Step 1: Pick the URL pattern

The /p/ pattern is correct. Reasons:

Stable across retailers (UPC stays the same; product titles drift)
Cleanly canonical (/p/194629116676 is one URL, no slashes-vs-no-slashes ambiguity)
Works with browser autocomplete and link-shareability
LLM crawlers can guess them ("the URL for UPC X is /p/") which makes citations more shareable

Avoid: /products/// — too many breakable layers. Avoid: / — title drift breaks links forever.

Step 2: Build the sitemap correctly

Three sitemap files, not one:

/sitemap.xml          → sitemap-index. Lists the chunks below.
/sitemaps/static.xml  → apex routes (homepage, pricing, blog posts, legal)
/sitemaps/products/0  → first 50,000 products
/sitemaps/products/1  → next 50,000
...

Sort the products inside each chunk by traffic_score DESC. Highest-traffic pages get reindexed first, which lets Google reallocate crawl budget to your hot pages without sacrificing the long tail.

Don't: dump all 1M URLs into a single 1M-URL sitemap. Google's max-50k-URLs-per-sitemap rule is real, and even within that you want priority ordering. Don't: rely on Next.js's default sitemap.ts metadata convention if you have more than ~10k URLs — you need the route-handler approach for chunked output.
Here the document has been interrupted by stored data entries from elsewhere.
lemma edge_coordinates:
  assumes "cross2 (b - a) (c - a) \<noteq> 0"
  obtains x y :: "complex \<Rightarrow> real"
  where "x a = 0" "y a = 0" "x b = dist a b" "y b = 0" "y c > 0"
    and "\<And>P Q. (dist P Q)\<^sup>2 = (x P - x Q)\<^sup>2 + (y P - y Q)\<^sup>2"
    and "\<And>P. signed_height P a b c = y P"
proof -
  define w where "w = b - a"
  define \<sigma> where "\<sigma> = sgn (cross2 w (c - a))"
  define x where "x P = Re (cnj w * (P - a)) / cmod w" for P
  define y where "y P = \<sigma> * Im (cnj w * (P - a)) / cmod w" for P
  have w: "cmod w > 0"
    using assms unfolding w_def cross2_def by auto
  have \<sigma>: "\<sigma>\<^sup>2 = 1"
    using assms unfolding \<sigma>_def w_def by (simp add: sgn_if)
  have ww: "cnj w * w = of_real ((cmod w)\<^sup>2)"
    by (simp only: complex_norm_square mult.commute)
  have a: "x a = 0" "y a = 0"
    unfolding x_def y_def by simp_all
  have b: "x b = dist a b" "y b = 0"
    using w unfolding x_def y_def w_def[symmetric] ww
    by (simp_all add: dist_norm power2_eq_square w_def norm_minus_commute)
  have c: "y c > 0"
    using assms w unfolding y_def \<sigma>_def w_def cross2_def by (simp add: sgn_if)
  have height: "signed_height P a b c = y P" for P
    unfolding signed_height_eq[OF assms] y_def \<sigma>_def w_def cross2_def ..
  have dist: "(dist P Q)\<^sup>2 = (x P - x Q)\<^sup>2 + (y P - y Q)\<^sup>2" for P Q
  proof -
    define u where "u = cnj w * (P - Q)"
    have "x P - x Q = Re u / cmod w" "y P - y Q = \<sigma> * Im u / cmod w"
      unfolding x_def y_def u_def by (simp_all add: diff_divide_distrib[symmetric] algebra_simps)
    then have "(x P - x Q)\<^sup>2 + (y P - y Q)\<^sup>2 = (cmod u)\<^sup>2 / (cmod w)\<^sup>2"
      using \<sigma> by (simp add: cmod_power2 power_divide power_mult_distrib add_divide_distrib)
    also have "\<dots> = (dist P Q)\<^sup>2"
      using w unfolding u_def by (simp add: norm_mult power_mult_distrib dist_norm)
    finally show ?thesis ..
  qed
  show ?thesis
    by (rule that[of x y, OF a b c dist height])
qed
Step 3: Robots.txt with explicit AI-bot allowlist

The default User-Agent: * Allow-all is not enough. Some AI bots only honor explicit lines. Allow these by name:

User-Agent: GPTBot
Allow: /

User-Agent: ChatGPT-User
Allow: /

User-Agent: OAI-SearchBot
Allow: /

User-Agent: ClaudeBot
Allow: /

User-Agent: anthropic-ai
Allow: /

User-Agent: Claude-Web
Allow: /

User-Agent: PerplexityBot
Allow: /

User-Agent: Google-Extended
Allow: /

User-Agent: Bingbot
Allow: /

User-Agent: Applebot-Extended
Allow: /

(Plus User-Agent: * Allow-all for the rest, and Sitemap: pointer.)
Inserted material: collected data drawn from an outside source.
(* Let $K$ be a number field with ring of integers $\mathcal O_K$. Then the ring $\mathrm{Int}(\mathcal O_K)=\{f\in K[x]: f(\mathcal O_K)\subseteq\mathcal O_K\}$ has no prime element.
   Context: A prime element of a domain is a non-zero non-unit $p$ such that $p\mid ab$ implies $p\mid a$ or $p\mid b$. *)

theory Defs
  imports Complex_Main "HOL-Computational_Algebra.Polynomial"
begin

(* Number fields are modelled as subfields of the complex numbers that are
   finite-dimensional as vector spaces over the rationals. *)
definition is_subfield :: "complex set \<Rightarrow> bool" where
  "is_subfield K \<longleftrightarrow> 0 \<in> K \<and> 1 \<in> K \<and>
     (\<forall>x\<in>K. \<forall>y\<in>K. x + y \<in> K \<and> x - y \<in> K \<and> x * y \<in> K) \<and>
     (\<forall>x\<in>K. x \<noteq> 0 \<longrightarrow> inverse x \<in> K)"

definition finite_dim_over_rat :: "complex set \<Rightarrow> bool" where
  "finite_dim_over_rat K \<longleftrightarrow>
     (\<exists>B. finite B \<and> B \<subseteq> K \<and>
        (\<forall>x\<in>K. \<exists>c :: complex \<Rightarrow> rat. x = (\<Sum>b\<in>B. of_rat (c b) * b)))"

definition number_field :: "complex set \<Rightarrow> bool" where
  "number_field K \<longleftrightarrow> is_subfield K \<and> finite_dim_over_rat K"

definition ring_of_integers :: "complex set \<Rightarrow> complex set" where
  "ring_of_integers K = {x \<in> K. algebraic_int x}"

definition int_valued_polys :: "complex set \<Rightarrow> complex poly set" where
  "int_valued_polys K = {f. (\<forall>i. coeff f i \<in> K) \<and>
       (\<forall>x \<in> ring_of_integers K. poly f x \<in> ring_of_integers K)}"

definition prime_elem_in :: "'a :: comm_ring_1 set \<Rightarrow> 'a \<Rightarrow> bool" where
  "prime_elem_in R p \<longleftrightarrow> p \<in> R \<and> p \<noteq> 0 \<and> \<not> (\<exists>q\<in>R. p * q = 1) \<and>
     (\<forall>a\<in>R. \<forall>b\<in>R. (\<exists>c\<in>R. a * b = p * c) \<longrightarrow>
        (\<exists>c\<in>R. a = p * c) \<or> (\<exists>c\<in>R. b = p * c))"

end

theory Submission
  imports Defs "Jordan_Normal_Form.Char_Poly"
begin

text \<open>
  Let p be a prime element of Int(O_K) and n = [K : Q]. Every y \<in> O_K is a root of a monic
  integer polynomial of degree n (the characteristic polynomial of multiplication by y), so modulo an
  integer m > 0 each power of y is one of m^n integer combinations of 1, y, ..., y^(n-1). Hence there
  are s and L > 0 with y^(s+L) \<equiv> y^s (mod m) for all y \<in> O_K simultaneously.

  If p is a constant c, then c is a non-unit of O_K and some integer m > 0 is a multiple of c in O_K.
  So (x^(s+L) - x^s)/m lies in Int(O_K) and c divides x^s (x^L - 1), yet c divides neither x^s nor
  x^L - 1, which take the values 1 and -1.

  If p is not constant, the norm of p(t) is a polynomial in t of positive degree, so some integer t
  makes y = p(t) a non-unit of O_K, hence a non-unit modulo some integer m. Now p^s (p^L - 1)/m lies
  in Int(O_K); since m p^j (p^L - 1)/m does too and p divides no non-zero constant, primality cancels
  the factors p one at a time, down to (p^L - 1)/m \<in> Int(O_K). Evaluated at t, this inverts y
  modulo m.
\<close>

lemma det_uminus:
  assumes "A \<in> carrier_mat n n"
  shows "det (- A) = (- 1) ^ n * (det A :: 'a :: comm_ring_1)"
proof -
  have "- A = (- 1) \<cdot>\<^sub>m A"
    using assms by (intro eq_matI) auto
  then show ?thesis
    using assms by simp
qed

lemma poly_eq_0_if_infinite_roots:
  fixes P :: "'a :: idom poly"
  assumes "infinite S" "\<And>x. x \<in> S \<Longrightarrow> poly P x = 0"
  shows "P = 0"
  using assms poly_roots_finite[of P] finite_subset[of S "{x. poly P x = 0}"] by blast

lemma prime_elem_in_cancel:
  fixes p :: "'a :: idom"
  assumes prime: "prime_elem_in R p" and "d \<in> R" "p * v \<in> R" "d * v \<in> R"
    and not_dvd: "\<not> (\<exists>c\<in>R. d = p * c)"
  shows "v \<in> R"
proof -
  have "d * (p * v) = p * (d * v)"
    by (simp add: mult_ac)
  then obtain c where "c \<in> R" "p * v = p * c"
    using assms unfolding prime_elem_in_def by blast
  then show ?thesis
    using prime by (simp add: prime_elem_in_def)
qed

section \<open>Algebraic integers form a ring\<close>

definition int_span :: "'a :: comm_ring_1 set \<Rightarrow> 'a set" where
  "int_span S = {(\<Sum>s\<in>S. of_int (c s) * s) | c. True}"

lemma int_spanI: "(\<Sum>s\<in>S. of_int (c s) * s) \<in> int_span S"
  unfolding int_span_def by blast

lemma int_span_sum_closed:
  assumes "\<And>i. i \<in> I \<Longrightarrow> a i \<in> int_span S"
  shows "(\<Sum>i\<in>I. of_int (k i) * a i) \<in> int_span S"
  using assms
proof (induction I rule: infinite_finite_induct)
  case (insert i I)
  obtain c d where "a i = (\<Sum>s\<in>S. of_int (c s) * s)" "(\<Sum>i\<in>I. of_int (k i) * a i) = (\<Sum>s\<in>S. of_int (d s) * s)"
    using insert unfolding int_span_def by blast
  then have "(\<Sum>i\<in>insert i I. of_int (k i) * a i) = (\<Sum>s\<in>S. of_int (k i * c s + d s) * s)"
    using insert(1,2) by (simp add: sum_distrib_left sum.distrib algebra_simps)
  then show ?case
    by (metis int_spanI)
qed (use int_spanI[of "\<lambda>_. 0"] in simp_all)

lemma int_span_add:
  assumes "a \<in> int_span S" "b \<in> int_span S"
  shows "a + b \<in> int_span S"
  using int_span_sum_closed[of UNIV "\<lambda>i. if i then a else b" S "\<lambda>_. 1"] assms
  by (simp add: UNIV_bool add.commute)

lemma int_span_base:
  assumes "finite S" "s \<in> S"
  shows "s \<in> int_span S"
proof -
  have delta: "(\<lambda>t. of_int (if t = s then 1 else 0) * t) = (\<lambda>t. if t = s then t else 0)"
    by auto
  have "(\<Sum>t\<in>S. of_int (if t = s then 1 else 0) * t) = s"
    unfolding delta using assms by (simp add: sum.delta)
  then show ?thesis
    by (metis int_spanI)
qed

lemma int_span_mult_closed:
  assumes "\<And>s. s \<in> S \<Longrightarrow> w * s \<in> int_span S" and "a \<in> int_span S"
  shows "w * a \<in> int_span S"
proof -
  obtain c where "a = (\<Sum>s\<in>S. of_int (c s) * s)"
    using assms(2) unfolding int_span_def by blast
  then have "w * a = (\<Sum>s\<in>S. of_int (c s) * (w * s))"
    by (simp add: sum_distrib_left mult.left_commute)
  then show ?thesis
    using int_span_sum_closed[of S "\<lambda>s. w * s" S c] assms(1) by simp
qed

text \<open>The determinant trick: z is an eigenvalue of the integer matrix of multiplication by z on
  the generators of S.\<close>
lemma algebraic_int_if_int_span_stable:
  fixes z :: "'a :: field_char_0"
  assumes fin: "finite S" and "s0 \<in> S" "s0 \<noteq> 0"
    and stable: "\<And>s. s \<in> S \<Longrightarrow> z * s \<in> int_span S"
  shows "algebraic_int z"
proof -
  obtain xs where xs: "distinct xs" "set xs = S"
    using finite_distinct_list[OF fin] by blast
  define n where "n = length xs"
  have "\<forall>s\<in>S. \<exists>c. z * s = (\<Sum>t\<in>S. of_int (c t) * t)"
    using stable unfolding int_span_def by blast
  then obtain c where c: "\<And>s. s \<in> S \<Longrightarrow> z * s = (\<Sum>t\<in>S. of_int (c s t) * t)"
    by metis
  define Ai :: "int mat" where "Ai = mat n n (\<lambda>(i, j). c (xs ! i) (xs ! j))"
  define A :: "'a mat" where "A = map_mat of_int Ai"
  define v :: "'a vec" where "v = vec n (\<lambda>i. xs ! i)"
  have Ai: "Ai \<in> carrier_mat n n" and A: "A \<in> carrier_mat n n"
    unfolding A_def Ai_def by simp_all
  have bij: "bij_betw (nth xs) {..<n} S"
    using bij_betw_nth[OF xs(1) _ xs(2)[symmetric]] n_def by simp
  have "A *\<^sub>v v = z \<cdot>\<^sub>v v"
  proof (rule eq_vecI)
    fix i assume "i < dim_vec (z \<cdot>\<^sub>v v)"
    then have i: "i < n" unfolding v_def by simp
    have "(A *\<^sub>v v) $ i = (\<Sum>j<n. of_int (c (xs ! i) (xs ! j)) * xs ! j)"
      using i unfolding A_def Ai_def v_def by (simp add: scalar_prod_def atLeast0LessThan)
    also have "\<dots> = (\<Sum>t\<in>S. of_int (c (xs ! i) t) * t)"
      using sum.reindex_bij_betw[OF bij, of "\<lambda>t. of_int (c (xs ! i) t) * t"] by simp
    also have "\<dots> = z * xs ! i"
      using c[of "xs ! i"] i xs(2) n_def by auto
    finally show "(A *\<^sub>v v) $ i = (z \<cdot>\<^sub>v v) $ i"
      using i unfolding v_def by simp
  qed (use A in \<open>auto simp: v_def\<close>)
  moreover have "v \<noteq> 0\<^sub>v n"
  proof
    obtain i where i: "i < n" "xs ! i = s0"
      using assms(2) xs(2) n_def by (metis in_set_conv_nth)
    assume "v = 0\<^sub>v n"
    then have "v $ i = 0"
      using i by simp
    then show False
      using i assms(3) unfolding v_def by simp
  qed
  ultimately have "eigenvector A v z"
    using A unfolding eigenvector_def by (simp add: v_def)
  then have "eigenvalue A z"
    unfolding eigenvalue_def by blast
  then have "poly (char_poly A) z = 0"
    using eigenvalue_root_char_poly[OF A] by simp
  moreover have "char_poly A = of_int_poly (char_poly Ai)"
    unfolding A_def by (rule of_int_hom.char_poly_hom[OF Ai])
  moreover have "lead_coeff (char_poly Ai) = 1"
    using degree_monic_char_poly[OF Ai] by simp
  ultimately show ?thesis
    unfolding algebraic_int_altdef_ipoly by auto
qed

lemma monic_int_poly_root_power:
  fixes x :: "'a :: {comm_ring_1, ring_char_0}"
  assumes "lead_coeff P = 1" "poly (of_int_poly P) x = 0"
  shows "x ^ degree P = (\<Sum>l<degree P. of_int (- coeff P l) * x ^ l)"
proof -
  have "0 = (\<Sum>l\<le>degree P. of_int (coeff P l) * x ^ l)"
    using assms(2) by (simp add: poly_altdef degree_map_poly)
  also have "\<dots> = x ^ degree P + (\<Sum>l<degree P. of_int (coeff P l) * x ^ l)"
    using assms(1) by (simp add: lessThan_Suc_atMost[symmetric])
  finally show ?thesis
    by (simp add: sum_negf eq_neg_iff_add_eq_0 add.commute)
qed

lemma monic_int_poly_root_degree_pos:
  fixes x :: "'a :: {comm_ring_1, ring_char_0}"
  assumes "lead_coeff P = 1" "poly (of_int_poly P) x = 0"
  shows "degree P > 0"
  using assms by (cases "degree P") (auto simp: poly_altdef degree_map_poly)

text \<open>Both x + y and x y stabilise the additive group generated by the monomials
  x^i y^j with i, j below the degrees of monic integer equations for x and y.\<close>
lemma algebraic_int_add_mult:
  fixes x y :: "'a :: field_char_0"
  assumes "algebraic_int x" "algebraic_int y"
  shows "algebraic_int (x + y)" and "algebraic_int (x * y)"
proof -
  obtain P where P: "lead_coeff P = 1" "poly (of_int_poly P) x = 0"
    using assms(1) unfolding algebraic_int_altdef_ipoly by blast
  obtain Q where Q: "lead_coeff Q = 1" "poly (of_int_poly Q) y = 0"
    using assms(2) unfolding algebraic_int_altdef_ipoly by blast
  define m where "m = degree P"
  define k where "k = degree Q"
  define S where "S = (\<lambda>(i, j). x ^ i * y ^ j) ` ({..<m} \<times> {..<k})"
  have fin: "finite S"
    unfolding S_def by simp
  have one: "1 \<in> S"
    using monic_int_poly_root_degree_pos[OF P] monic_int_poly_root_degree_pos[OF Q]
    unfolding S_def m_def k_def by (auto intro!: image_eqI[of _ _ "(0, 0)"])
  have monomial: "x ^ i * y ^ j \<in> int_span S" if "i < m" "j < k" for i j
    using that by (intro int_span_base[OF fin]) (auto simp: S_def)
  have xm: "x ^ m = (\<Sum>l<m. of_int (- coeff P l) * x ^ l)"
    using monic_int_poly_root_power[OF P] m_def by simp
  have yk: "y ^ k = (\<Sum>l<k. of_int (- coeff Q l) * y ^ l)"
    using monic_int_poly_root_power[OF Q] k_def by simp
  have x_stable: "x * s \<in> int_span S" if "s \<in> S" for s
  proof -
    obtain i j where ij: "i < m" "j < k" "s = x ^ i * y ^ j"
      using \<open>s \<in> S\<close> unfolding S_def by auto
    show ?thesis
    proof (cases "Suc i < m")
      case True
      then show ?thesis using monomial[of "Suc i" j] ij by (simp add: mult.assoc)
    next
      case False
      then have "Suc i = m"
        using ij by simp
      then have "x * s = x ^ m * y ^ j"
        using ij by (simp add: mult.assoc flip: power_Suc)
      also have "\<dots> = (\<Sum>l<m. of_int (- coeff P l) * (x ^ l * y ^ j))"
        unfolding xm by (simp add: sum_distrib_right mult.assoc)
      also have "\<dots> \<in> int_span S"
        by (rule int_span_sum_closed) (use monomial ij in simp)
      finally show ?thesis .
    qed
  qed
  have y_stable: "y * s \<in> int_span S" if "s \<in> S" for s
  proof -
    obtain i j where ij: "i < m" "j < k" "s = x ^ i * y ^ j"
      using \<open>s \<in> S\<close> unfolding S_def by auto
    show ?thesis
    proof (cases "Suc j < k")
      case True
      then show ?thesis using monomial[of i "Suc j"] ij by (simp add: mult_ac)
    next
      case False
      then have "Suc j = k"
        using ij by simp
      then have "y * s = x ^ i * y ^ k"
        using ij by (simp add: mult_ac flip: power_Suc)
      also have "\<dots> = (\<Sum>l<k. of_int (- coeff Q l) * (x ^ i * y ^ l))"
        unfolding yk by (simp add: sum_distrib_left mult_ac)
      also have "\<dots> \<in> int_span S"
        by (rule int_span_sum_closed) (use monomial ij in simp)
      finally show ?thesis .
    qed
  qed
  show "algebraic_int (x + y)"
    using x_stable y_stable
    by (intro algebraic_int_if_int_span_stable[OF fin one]) (auto simp: distrib_right intro: int_span_add)
  show "algebraic_int (x * y)"
    using x_stable y_stable
    by (intro algebraic_int_if_int_span_stable[OF fin one]) (auto simp: mult.assoc intro: int_span_mult_closed)
qed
Counterintuitive insight from 2025-2026: allowing AI bots is the right call even if you sell data. The AEO research consensus is that LLMs cited as "according to retailerapi" drive net-positive signups. Blocking only loses you the traffic.

Step 4: llms.txt and llms-full.txt curated routes

Both files. Both curated, never autogenerated.

llms.txt is the short index — H1, blockquote summary, curated section list with one-line descriptions per entry. Cap at 50 to 200 entries. Include trust pages (privacy, terms), pricing, and your top-traffic products.

llms-full.txt is the long-form companion — same structure but with multi-line descriptions per entry. Cap at 1,000 entries. Include freshness line ("Last updated: YYYY-MM-DD") at the top.

Regenerate both nightly via cron. Both must be fetchable at the apex (yourdomain.com/llms.txt, not /wp-content/...).

The audit rubric to score against: seo-geo-optimization/references/llms-audit-rubric.md (10 categories, 0-2 each, target overall ≥ 16/20).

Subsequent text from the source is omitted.